Bo Hopkins recalled the difficulties of filming a driving scene with Jason Miller because the scene had been rewritten the night beforehand, giving him little time to memorize his lines. He "loved" Robert Mulligan as a director, and gave him credit for the handling of the climactic strangulation sequence, although Hopkins also admitted that it was tough scene to shoot and that the whole film was difficult to work on.

==Release and box office==
The film premiered at Cannes to positive reception, being nominated for the Palme d'Or. It then was previewed in France, but poor box office there and in other European markets led to concerns about the project's commercial viability. Director Robert Mulligan cut the movie down, eliminating in the process the character of Cooper's younger brother Larry, played by Brendan Burns. (The actor's father, Bart Burns, played the role of Elias in the film.) According to Eric Roth, Burns attended the domestic premiere with surrounding family having not been informed that his character was cut out of the film. Despite his excision, Burns’ name still appears in some credits listings.

In January 1975, the film debuted domestically on the east coast, where it performed poorly despite the efforts to tighten the picture. In response, the marketing campaign was retooled before the film's gradual release to the rest of the U.S., but The Nickel Ride ultimately disappeared without finding a sizable audience. Due to the delayed and staggered release, the film did not arrive in some markets for a full year or more – Los Angeles received the film at the end of 1975, and one Seattle critic noted in a review published in January 1976 that the film was presented in his city as a "first-run second feature" in a double-bill with Robert Aldrich’s Hustle.

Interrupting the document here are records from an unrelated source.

lemma continuous_on_Max:
  fixes f :: "'i \<Rightarrow> 'a::topological_space \<Rightarrow> 'b::linorder_topology"
  assumes "finite I" "I \<noteq> {}" "\<And>i. i \<in> I \<Longrightarrow> continuous_on S (f i)"
  shows "continuous_on S (\<lambda>x. Max ((\<lambda>i. f i x) ` I))"
  using assms
proof (induction I rule: finite_ne_induct)
  case (insert a F)
  have "(\<lambda>x. Max ((\<lambda>i. f i x) ` insert a F)) = (\<lambda>x. max (f a x) (Max ((\<lambda>i. f i x) ` F)))"
    using insert.hyps by (auto simp: Max_insert)
  then show ?case using insert by (auto intro: continuous_on_max)
qed simp

lemma continuous_on_coordinate: "continuous_on S (\<lambda>s::nat \<Rightarrow> real. s i)"
  by (rule continuous_on_subset[OF continuous_on_product_coordinates]) auto

lemma continuous_on_fun_upd:
  fixes g :: "'b::topological_space \<Rightarrow> nat \<Rightarrow> real"
  assumes "continuous_on S a" "continuous_on S g"
  shows "continuous_on S (\<lambda>x. (g x)(j := a x))"
proof (intro continuous_on_coordinatewise_then_product)
  fix i
  show "continuous_on S (\<lambda>x. ((g x)(j := a x)) i)"
    using assms continuous_on_product_then_coordinatewise[OF assms(2)] by (cases "i = j") auto
qed

subsection \<open>The cube and the unit sphere\<close>

definition cube_boundary :: "nat \<Rightarrow> (nat \<Rightarrow> real) \<Rightarrow> bool" where
  "cube_boundary n s \<longleftrightarrow> (\<exists>i\<in>{1..n}. s i = 0 \<or> s i = 1)"

lemma hcube_coordinate: "s \<in> hcube n \<Longrightarrow> j \<in> {1..n} \<Longrightarrow> 0 \<le> s j \<and> s j \<le> 1"
  unfolding hcube_def by auto

lemma hcube_outside: "s \<in> hcube n \<Longrightarrow> i \<notin> {1..n} \<Longrightarrow> s i = 0"
  unfolding hcube_def by (cases "i = 0") auto

lemma hcube_fun_upd: "s \<in> hcube n \<Longrightarrow> j \<in> {1..n} \<Longrightarrow> 0 \<le> a \<Longrightarrow> a \<le> 1 \<Longrightarrow> s(j := a) \<in> hcube n"
  unfolding hcube_def by auto

lemma cube_boundary_fun_upd: "j \<in> {1..n} \<Longrightarrow> a = 0 \<or> a = 1 \<Longrightarrow> cube_boundary n (s(j := a))"
  unfolding cube_boundary_def by auto

lemma cube_boundary_fun_upd_cases:
  "cube_boundary n s \<Longrightarrow> j \<in> {1..n} \<Longrightarrow> cube_boundary n (s(j := a)) \<or> s j = 0 \<or> s j = 1"
  unfolding cube_boundary_def by (metis fun_upd_other)

lemma hcube_eq_PiE: "hcube n = PiE UNIV (\<lambda>i. if i \<in> {1..n} then {0..1} else {0})"
proof -
  have "x \<in> hcube n \<longleftrightarrow> (\<forall>i. x i \<in> (if i \<in> {1..n} then {0..1} else {0}))" for x
    unfolding hcube_def by (auto simp: not_le)
  then show ?thesis by (auto simp: PiE_UNIV_domain)
qed

lemma compact_hcube: "compact (hcube n)"
proof -
  have "compactin (powertop_real UNIV) (PiE UNIV (\<lambda>i. if i \<in> {1..n} then {0..1::real} else {0}))"
    by (subst compactin_PiE) auto
  then show ?thesis unfolding hcube_eq_PiE euclidean_product_topology by simp
qed

definition cube_sup :: "nat \<Rightarrow> (nat \<Rightarrow> real) \<Rightarrow> real" where
  "cube_sup n s = Max ((\<lambda>i. \<bar>2 * s i - 1\<bar>) ` {1..n})"

definition cube_norm :: "nat \<Rightarrow> (nat \<Rightarrow> real) \<Rightarrow> real" where
  "cube_norm n s = sqrt (\<Sum>i\<in>{1..n}. (2 * s i - 1)^2)"

text \<open>This is \<open>hquot\<close> for radius 1; at the centre of the cube, where \<open>cube_norm\<close> vanishes,
  the convention \<open>x / 0 = 0\<close> reproduces the case distinction in \<open>hquot\<close>.\<close>

definition cube_sphere :: "nat \<Rightarrow> (nat \<Rightarrow> real) \<Rightarrow> (nat \<Rightarrow> real)" where
  "cube_sphere n s = (\<lambda>i. if i = 0 then 1 + cos (pi * cube_sup n s)
      else if i \<le> n then sin (pi * cube_sup n s) * (2 * s i - 1) / cube_norm n s else 0)"

lemma hquot_eq_cube_sphere: "hquot n k s = (\<lambda>i. (1 / real k) * cube_sphere n s i)"
  unfolding hquot_def cube_sphere_def cube_sup_def cube_norm_def Let_def
  by (auto simp: fun_eq_iff algebra_simps add_divide_distrib)

lemma cube_sup_ge: "i \<in> {1..n} \<Longrightarrow> \<bar>2 * s i - 1\<bar> \<le> cube_sup n s"
  unfolding cube_sup_def by (rule Max_ge) auto

lemma cube_sup_attained: "n \<ge> 1 \<Longrightarrow> \<exists>i\<in>{1..n}. \<bar>2 * s i - 1\<bar> = cube_sup n s"
proof -
  assume "n \<ge> 1"
  then have "cube_sup n s \<in> (\<lambda>i. \<bar>2 * s i - 1\<bar>) ` {1..n}"
    unfolding cube_sup_def by (intro Max_in) auto
  then show ?thesis by force
qed

lemma cube_sup_nonneg: "n \<ge> 1 \<Longrightarrow> 0 \<le> cube_sup n s"
  using cube_sup_ge[of 1 n s] by force

lemma cube_sup_le_1: "n \<ge> 1 \<Longrightarrow> s \<in> hcube n \<Longrightarrow> cube_sup n s \<le> 1"
  using cube_sup_attained[of n s] hcube_coordinate[of s n] by (fastforce simp: abs_le_iff)

lemma cube_sup_eq_0_iff:
  assumes n: "n \<ge> 1" shows "cube_sup n s = 0 \<longleftrightarrow> (\<forall>i\<in>{1..n}. 2 * s i - 1 = 0)"
proof
  assume "cube_sup n s = 0"
  then show "\<forall>i\<in>{1..n}. 2 * s i - 1 = 0" using cube_sup_ge[of _ n s] by (metis abs_le_zero_iff)
next
  assume "\<forall>i\<in>{1..n}. 2 * s i - 1 = 0"
  then show "cube_sup n s = 0" using cube_sup_attained[OF n, of s] by auto
qed

lemma cube_sup_eq_1_iff:
  assumes n: "n \<ge> 1" and s: "s \<in> hcube n"
  shows "cube_sup n s = 1 \<longleftrightarrow> cube_boundary n s"
proof
  assume "cube_sup n s = 1"
  then obtain i where i: "i \<in> {1..n}" "\<bar>2 * s i - 1\<bar> = 1" using cube_sup_attained[OF n, of s] by auto
  then have "s i = 0 \<or> s i = 1" by (auto simp: abs_eq_iff)
  then show "cube_boundary n s" unfolding cube_boundary_def using i(1) by blast
next
  assume "cube_boundary n s"
  then obtain i where i: "i \<in> {1..n}" "s i = 0 \<or> s i = 1" unfolding cube_boundary_def by auto
  then have "1 \<le> cube_sup n s" using cube_sup_ge[OF i(1), of s] by auto
  then show "cube_sup n s = 1" using cube_sup_le_1[OF n s] by auto
qed

lemma cube_sup_scale:
  assumes n: "n \<ge> 1" and r: "0 \<le> r" and scaled: "\<And>i. i \<in> {1..n} \<Longrightarrow> 2 * s i - 1 = r * (2 * s' i - 1)"
  shows "cube_sup n s = r * cube_sup n s'"
proof -
  obtain i0 where i0: "i0 \<in> {1..n}" "\<bar>2 * s i0 - 1\<bar> = cube_sup n s"
    using cube_sup_attained[OF n] by blast
  obtain i1 where i1: "i1 \<in> {1..n}" "\<bar>2 * s' i1 - 1\<bar> = cube_sup n s'"
    using cube_sup_attained[OF n] by blast
  have "cube_sup n s = r * \<bar>2 * s' i0 - 1\<bar>" using i0 scaled[OF i0(1)] r by (simp add: abs_mult)
  also have "\<dots> \<le> r * cube_sup n s'" using cube_sup_ge[OF i0(1), of s'] r by (simp add: mult_left_mono)
  finally have "cube_sup n s \<le> r * cube_sup n s'" .
  moreover have "r * cube_sup n s' = \<bar>2 * s i1 - 1\<bar>" using i1 scaled[OF i1(1)] r by (simp add: abs_mult)
  moreover have "\<dots> \<le> cube_sup n s" using cube_sup_ge[OF i1(1), of s] by simp
  ultimately show ?thesis by simp
qed

lemma abs_le_cube_norm: "i \<in> {1..n} \<Longrightarrow> \<bar>2 * s i - 1\<bar> \<le> cube_norm n s"
proof -
  assume "i \<in> {1..n}"
  then have "(2 * s i - 1)^2 \<le> (\<Sum>j\<in>{1..n}. (2 * s j - 1)^2)"
    by (intro member_le_sum) auto
  then show ?thesis unfolding cube_norm_def using real_sqrt_le_mono by fastforce
qed

lemma cube_norm_nonneg: "0 \<le> cube_norm n s"
  unfolding cube_norm_def by (auto intro: sum_nonneg)

lemma cube_norm_eq_0_iff: "cube_norm n s = 0 \<longleftrightarrow> (\<forall>i\<in>{1..n}. 2 * s i - 1 = 0)"
  unfolding cube_norm_def by (simp add: sum_nonneg_eq_0_iff)

lemma cube_sphere_on_unit_sphere:
  assumes n: "n \<ge> 1"
  shows "(cube_sphere n s 0 - 1)^2 + (\<Sum>i\<in>{1..n}. (cube_sphere n s i)^2) = 1"
proof (cases "cube_norm n s = 0")
  case True
  then have "cube_sup n s = 0" using n by (simp add: cube_norm_eq_0_iff cube_sup_eq_0_iff)
  then show ?thesis by (simp add: cube_sphere_def)
next
  case False
  let ?c = "(sin (pi * cube_sup n s))^2 / (cube_norm n s)^2"
  have "(\<Sum>i\<in>{1..n}. (cube_sphere n s i)^2) = (\<Sum>i\<in>{1..n}. ?c * (2 * s i - 1)^2)"
    by (rule sum.cong) (auto simp: cube_sphere_def power_divide power_mult_distrib)
  also have "\<dots> = ?c * (\<Sum>i\<in>{1..n}. (2 * s i - 1)^2)"
    by (simp add: sum_distrib_left)
  also have "(\<Sum>i\<in>{1..n}. (2 * s i - 1)^2) = (cube_norm n s)^2"
    unfolding cube_norm_def by (simp add: sum_nonneg)
  finally show ?thesis using False by (simp add: cube_sphere_def sin_squared_eq)
qed

lemma hbase_iff: "p = hbase \<longleftrightarrow> (\<forall>i. p i = 0)"
  by (auto simp: hbase_def)

lemma cube_sphere_eq_hbase_iff:
  assumes n: "n \<ge> 1" and s: "s \<in> hcube n"
  shows "cube_sphere n s = hbase \<longleftrightarrow> cube_boundary n s"
proof
  assume "cube_sphere n s = hbase"
  then have "cube_sphere n s 0 = 0" by (simp add: hbase_def)
  then have "cos (pi * cube_sup n s) = cos pi" by (simp add: cube_sphere_def)
  then have "pi * cube_sup n s = pi"
    using cos_inj_pi[of "pi * cube_sup n s" pi] cube_sup_nonneg[OF n, of s] cube_sup_le_1[OF n s]
    by auto
  then show "cube_boundary n s" using cube_sup_eq_1_iff[OF n s] by simp
next
  assume "cube_boundary n s"
  then have "cube_sup n s = 1" using cube_sup_eq_1_iff[OF n s] by simp
  then show "cube_sphere n s = hbase" by (auto simp: cube_sphere_def hbase_def fun_eq_iff)
qed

The film ultimately grossed less than $2 million domestically.

==Awards==
- Nominee Palme d'Or - 1974 Cannes Film Festival (Robert Mulligan)

==Reception==
Nora Sayre of The New York Times was not impressed:

The movie appears to be a drama of real estate. Jason Miller plays a neighborhood fixer who is attempting to lease a warehouse for the storage of stolen goods; however, the deal is delayed, and he's threatened by the minor hoods who are his clients. His role is a study in worry: the angst rarely leaves his deep-set lemur's eyes. We watch him worrying in profile, in full and three-quarter face, standing or sitting or lying down, in daylight and darkness, on the phone, in his office and out of doors. All in all, he seems more vulnerable to an anxiety attack than to an assailant's bullet...The Nickel Ride is handsomely filmed in bleak pastels, but the numerous close-ups manage to stress the slowness of the action, and quick cuts can't dispel the tedium.

Nick Pinkerton of The Village Voice was slightly more forgiving: "The Nickel Ride is a seldom-seen drama of white-collar workaday criminal drudgery to make you believe the best of '70s cinema will never fully be quarried out...The atmosphere is one of musty hallways, sour stomach, and looming late middle age with no retirement plan in sight."

Despite its elusiveness and initially mixed reaction, the film has attained a following, and it sometimes is compared favorably to The Friends of Eddie Coyle. Among its more prominent fans is director Quentin Tarantino, who included it in the line-up of his first annual QT Fest in 1997.